She looked at me. “You know.”

The nightmares that night were different. No dancing. No mom. No tunnel even, despite the fact that I had just been pulled from one, despite the fact that the police had taken me to a corner of the station, and asked me: What was I doing? How could I have been so dumb? Didn’t I know I could have been killed? Didn’t I know people died that way? Just a few months ago, in this very tunnel.

I knew, I knew, I told them. I said I was sorry.

The first few times I told the story, I told about the man with the headlamp and the dirty clothes. But no one knew who the man was. So I stopped telling that part. When my sister showed up, the police let me go. No fine. This time. And no court appearance because the Firecracker was taking me out of state.

She promised.

The nightmares that night felt real. I dreamed I was in my bed in my room in the apartment—but something was wrong with my hand. It hurt. It tingled, the blood pricking my palm as if my hand had fallen asleep.

But then in the dream, when I turned over to look at it on the sheet, my hand wasn’t there. It just wasn’t there. My hand was gone. It hurt, but it was a phantom pain. In my dream, my body was missing.

I woke up with aches, my limbs stiff from sleeping wrong—and I woke up late. The Firecracker threw my suitcases down the stairs. I pulled on an oversized sweatshirt and jeans without looking in the mirror, half-asleep.

It was May, still cold in the morning. We didn’t talk in the cab. We didn’t hug at the station. I kept my hands stuffed in my pockets and my hood pulled down.

But then the Firecracker said, “It will be better this time.”

I sniffed. “What do you mean?”

“Grandma. She’ll be good for you. It’ll be good for you to be in the country right now, away from …” she gestured around at the station: the early morning commuters rushing by, the platform littered with trash, the garbage cans covered with graffiti like scabs. “All this.”

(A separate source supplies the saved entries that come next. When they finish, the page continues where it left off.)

(* The library's assoc_mult_mat leaves the inner dimensions to be guessed, which the simplifier
   cannot do; these versions fix every dimension to n. *)
lemmas square_mat_mult_simps =
  assoc_mult_mat[of _ n n _ n _ n] mult_carrier_mat[of _ n n _ n] mult_mat_cancel_left[where n=n]
  for n

lemma mat_inv_eqI:
  assumes A: "A \<in> carrier_mat n n" and B: "B \<in> carrier_mat n n"
    and AB: "A * B = 1\<^sub>m n" and BA: "B * A = 1\<^sub>m n"
  shows "mat_inv A = B"
proof -
  have "\<exists>B. B \<in> carrier_mat (dim_row A) (dim_row A) \<and> inverts_mat A B \<and> inverts_mat B A"
    using A B AB BA by (auto simp: inverts_mat_def)
  then have inv: "mat_inv A \<in> carrier_mat n n" "mat_inv A * A = 1\<^sub>m n"
    unfolding mat_inv_def using A by (auto dest!: someI_ex simp: inverts_mat_def)
  have "mat_inv A = mat_inv A * (A * B)" using inv AB by simp
  also have "\<dots> = B" using inv A B by (simp flip: assoc_mult_mat add: BA)
  finally show ?thesis .
qed

lemma SL_mat_carrier: "A \<in> SL_mat n \<Longrightarrow> A \<in> carrier_mat n n"
  by (simp add: SL_mat_def)

lemma SL_mat_inverse:
  assumes "A \<in> SL_mat n"
  shows "mat_inv A \<in> carrier_mat n n" "A * mat_inv A = 1\<^sub>m n" "mat_inv A * A = 1\<^sub>m n"
proof -
  have A: "A \<in> carrier_mat n n" "det A = 1" using assms by (auto simp: SL_mat_def)
  then have "A \<in> Units (ring_mat TYPE('a) n ())" by (simp add: det_non_zero_imp_unit)
  then obtain B where B: "B \<in> carrier_mat n n" "B * A = 1\<^sub>m n" "A * B = 1\<^sub>m n"
    unfolding Units_def ring_mat_def by auto
  then have "mat_inv A = B" using A by (intro mat_inv_eqI) auto
  then show "mat_inv A \<in> carrier_mat n n" "A * mat_inv A = 1\<^sub>m n" "mat_inv A * A = 1\<^sub>m n"
    using B by auto
qed

lemma SL_mat_mult: "A \<in> SL_mat n \<Longrightarrow> B \<in> SL_mat n \<Longrightarrow> A * B \<in> SL_mat n"
  by (auto simp: SL_mat_def det_mult)

lemma SL_mat_basis_change:
  assumes "x \<in> SL_mat n" "P \<in> carrier_mat n n" "Q \<in> carrier_mat n n" "P * Q = 1\<^sub>m n"
  shows "P * x * Q \<in> SL_mat n"
proof -
  have x: "x \<in> carrier_mat n n" "det x = 1" using assms(1) by (auto simp: SL_mat_def)
  have "det P * det Q = 1" using det_mult[OF assms(2,3)] assms(4) by simp
  moreover have "det (P * x * Q) = det x * (det P * det Q)"
    using det_mult[OF assms(2) x(1)] det_mult[of "P * x" n Q] assms(2,3) x by simp
  ultimately show ?thesis using x assms(2,3) by (simp add: SL_mat_def)
qed
(* Let $\lambda\in\{1,-1\}$, $0<T<\infty$, and let $q(x,t)$ be a sufficiently smooth solution of the NLS equation $iq_t+q_{xx}-2\lambda|q|^2q=0$ on $0<x<\infty$, $0<t<T$, decaying sufficiently fast as $x\to\infty$, with compatible initial and boundary data ($q(0,0)=q_0(0)$). Let $\Phi_1,\Phi_2$, $a,b$, $F$ and $c$ be as in the context, so that the global relation $$c(t,k)=\Phi_1(t,k)+\frac{b(k)}{a(k)}\overline{\Phi_2(t,\bar k)}\,e^{-4ik^2t},\qquad \operatorname{Im}k\ge 0,$$ holds. Then $$c(t,k)=\frac{\Phi_1^{(1)}(t)}{k}+\frac{\Phi_1^{(2)}(t)}{k^2}+O\Big(\frac1{k^3}\Big),\qquad k\to\infty,\ k\in D_1,$$ where $\Phi_1^{(1)}(t)=\frac{g_0(t)}{2i}$ and $\Phi_1^{(2)}(t)=\frac{g_1(t)}{4}-\frac{ig_0(t)}{2}\cdot\frac{\lambda}{2}\int_0^t\big(\bar g_0g_1-g_0\bar g_1\big)(\tau)\,d\tau$ are the coefficients of the large-$k$ expansion $\Phi_1(t,k)=\frac{\Phi_1^{(1)}(t)}{k}+\frac{\Phi_1^{(2)}(t)}{k^2}+O(k^{-3})+O(e^{-4ik^2t}/k)$ valid for $k\in D_2\cup D_4$.
   Context: $g_0(t)=q(0,t)$, $g_1(t)=q_x(0,t)$, $q_0(x)=q(x,0)$. $\sigma_3=\mathrm{diag}(1,-1)$, $Q(x,t)=\begin{pmatrix}0&q\\ \lambda\bar q&0\end{pmatrix}$. The quadrants are $D_1=\{\operatorname{Re}k>0,\operatorname{Im}k>0\}$, $D_2=\{\operatorname{Re}k<0,\operatorname{Im}k>0\}$, $D_3=\{\operatorname{Re}k<0,\operatorname{Im}k<0\}$, $D_4=\{\operatorname{Re}k>0,\operatorname{Im}k<0\}$. The functions $\Phi_1(t,k),\Phi_2(t,k)$ ($0<t<T$, $k\in\mathbb C$) are the unique solution of $\Phi_1(t,k)=\int_0^t e^{4ik^2(t'-t)}[-i\lambda|g_0|^2\Phi_1+(2kg_0+ig_1)\Phi_2](t',k)\,dt'$, $\Phi_2(t,k)=1+\lambda\int_0^t[(2k\bar g_0-i\bar g_1)\Phi_1+i|g_0|^2\Phi_2](t',k)\,dt'$. For each $t$, let $\mu_3(x,t,k)$ be the $2\times2$ solution of $\mu_3(x,t,k)=I-\int_x^\infty e^{-ik(x-\xi)\hat\sigma_3}(Q\mu_3)(\xi,t,k)\,d\xi$, where $e^{s\hat\sigma_3}M=e^{s\sigma_3}Me^{-s\sigma_3}$; its first column is analytic in $\operatorname{Im}k<0$ and its second column in $\operatorname{Im}k>0$. Let $\Psi(x,k)=\mu_3(x,0,k)$, and let $a(k)=\Psi_{22}(0,k)$, $b(k)=\Psi_{12}(0,k)$ for $\operatorname{Im}k\ge0$. Let $F(t,k)=\mu_3(0,t,k)$; its second column is analytic and bounded in $\operatorname{Im}k>0$ with $F=I+O(1/k)$ as $k\to\infty$. Define $c(t,k)=F_{12}(t,k)/a(k)$ for $\operatorname{Im}k\ge0$. *)

theory Defs
  imports "HOL-Analysis.Analysis"
begin
lemma Au_arc:
  assumes "(l1, l2) \<in> Au E r S {t, b}"
  shows "l1 \<in> S" "l2 \<in> S" "dep (apex E r l1) < dep (apex E r l2)"
    "parent_edge (apex E r l2) \<in> lpath E {t, b}"
proof -
  have "l1 \<in> S" "l2 \<in> S" "l1 \<noteq> l2" "prec_dep l1 l2"
    using assms by (simp_all add: Au_iff)
  then show "l1 \<in> S" "l2 \<in> S" "dep (apex E r l1) < dep (apex E r l2)"
    "parent_edge (apex E r l2) \<in> lpath E {t, b}"
    using prec_dep_apex uplink_top_bottom(5) by blast+
qed

lemma Au_in_arc_unique:
  assumes "(l1, l2) \<in> Au E r S {t, b}" "(l1', l2) \<in> Au E r S {t, b}"
  shows "l1 = l1'"
proof (rule ccontr)
  assume "l1 \<noteq> l1'"
  then show False
    using prec_dep_total[of l1 l1'] assms unfolding Au_iff by blast
qed

end

context rooted_tree
begin

lemma uplink_cover_if_valid_Fu:
  assumes "u \<in> Lup V E r" "F \<subseteq> {{a, c} | a c. a \<in> V \<and> c \<in> V}" "valid_Fu E r F u S"
  obtains t b where "u = {t, b}" "uplink_cover V E r t b S" "S \<subseteq> F"
proof -
  obtain t b where tb: "u = {t, b}" "t \<in> V" "b \<in> V" "t \<noteq> b" "t \<in> ancs b"
    using assms(1) by (auto simp: Lup_def is_uplink_def ancestor_def)
  have "S \<subseteq> F"
    using assms(3) by (auto simp: valid_Fu_def Bset_def)
  moreover have "uplink_cover V E r t b S"
    using rooted_tree_axioms tb \<open>S \<subseteq> F\<close> assms(2,3)
    by (auto simp: uplink_cover_def uplink_cover_axioms_def valid_Fu_def)
  ultimately show ?thesis
    using that tb(1) by blast
qed

lemma dep_arcsD:
  assumes "U \<subseteq> Lup V E r" "F \<subseteq> {{a, c} | a c. a \<in> V \<and> c \<in> V}"
    and "\<forall>u\<in>U. valid_Fu E r F u (Fu u)" "(u, l1, l2) \<in> dep_arcs E r U Fu"
  shows "u \<in> U" "l1 \<in> F" "l2 \<in> F" "dep (apex E r l1) < dep (apex E r l2)"
    "parent_edge (apex E r l2) \<in> lpath E u"
proof -
  have u: "u \<in> U" "(l1, l2) \<in> Au E r (Fu u) u"
    using assms(4) by (simp_all add: dep_arcs_def)
  obtain t b where "u = {t, b}" "uplink_cover V E r t b (Fu u)" "Fu u \<subseteq> F"
    using uplink_cover_if_valid_Fu[of u F "Fu u"] u(1) assms(1-3) by blast
  then show "u \<in> U" "l1 \<in> F" "l2 \<in> F" "dep (apex E r l1) < dep (apex E r l2)"
    "parent_edge (apex E r l2) \<in> lpath E u"
    using uplink_cover.Au_arc[of V E r t b "Fu u" l1 l2] u by auto
qed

“I thought you loved all this.”

“Sometimes I do,” my sister said. “But it’s time for you to go.”

And then she gripped my shoulders and pulled me toward her in a hug. She smelled of fancy perfume and leather and the smell that never quite went away from her; it seemed attached to her hair, the smell of rosin for the toe shoes, though it had been ages since she had worn them.

“I’ll visit you soon,” the Firecracker said. I was about to say something in response, but then she pulled out of the hug and squeezed my shoulder. “Esmé, eat something. You feel like you’re wasting away to nothing.”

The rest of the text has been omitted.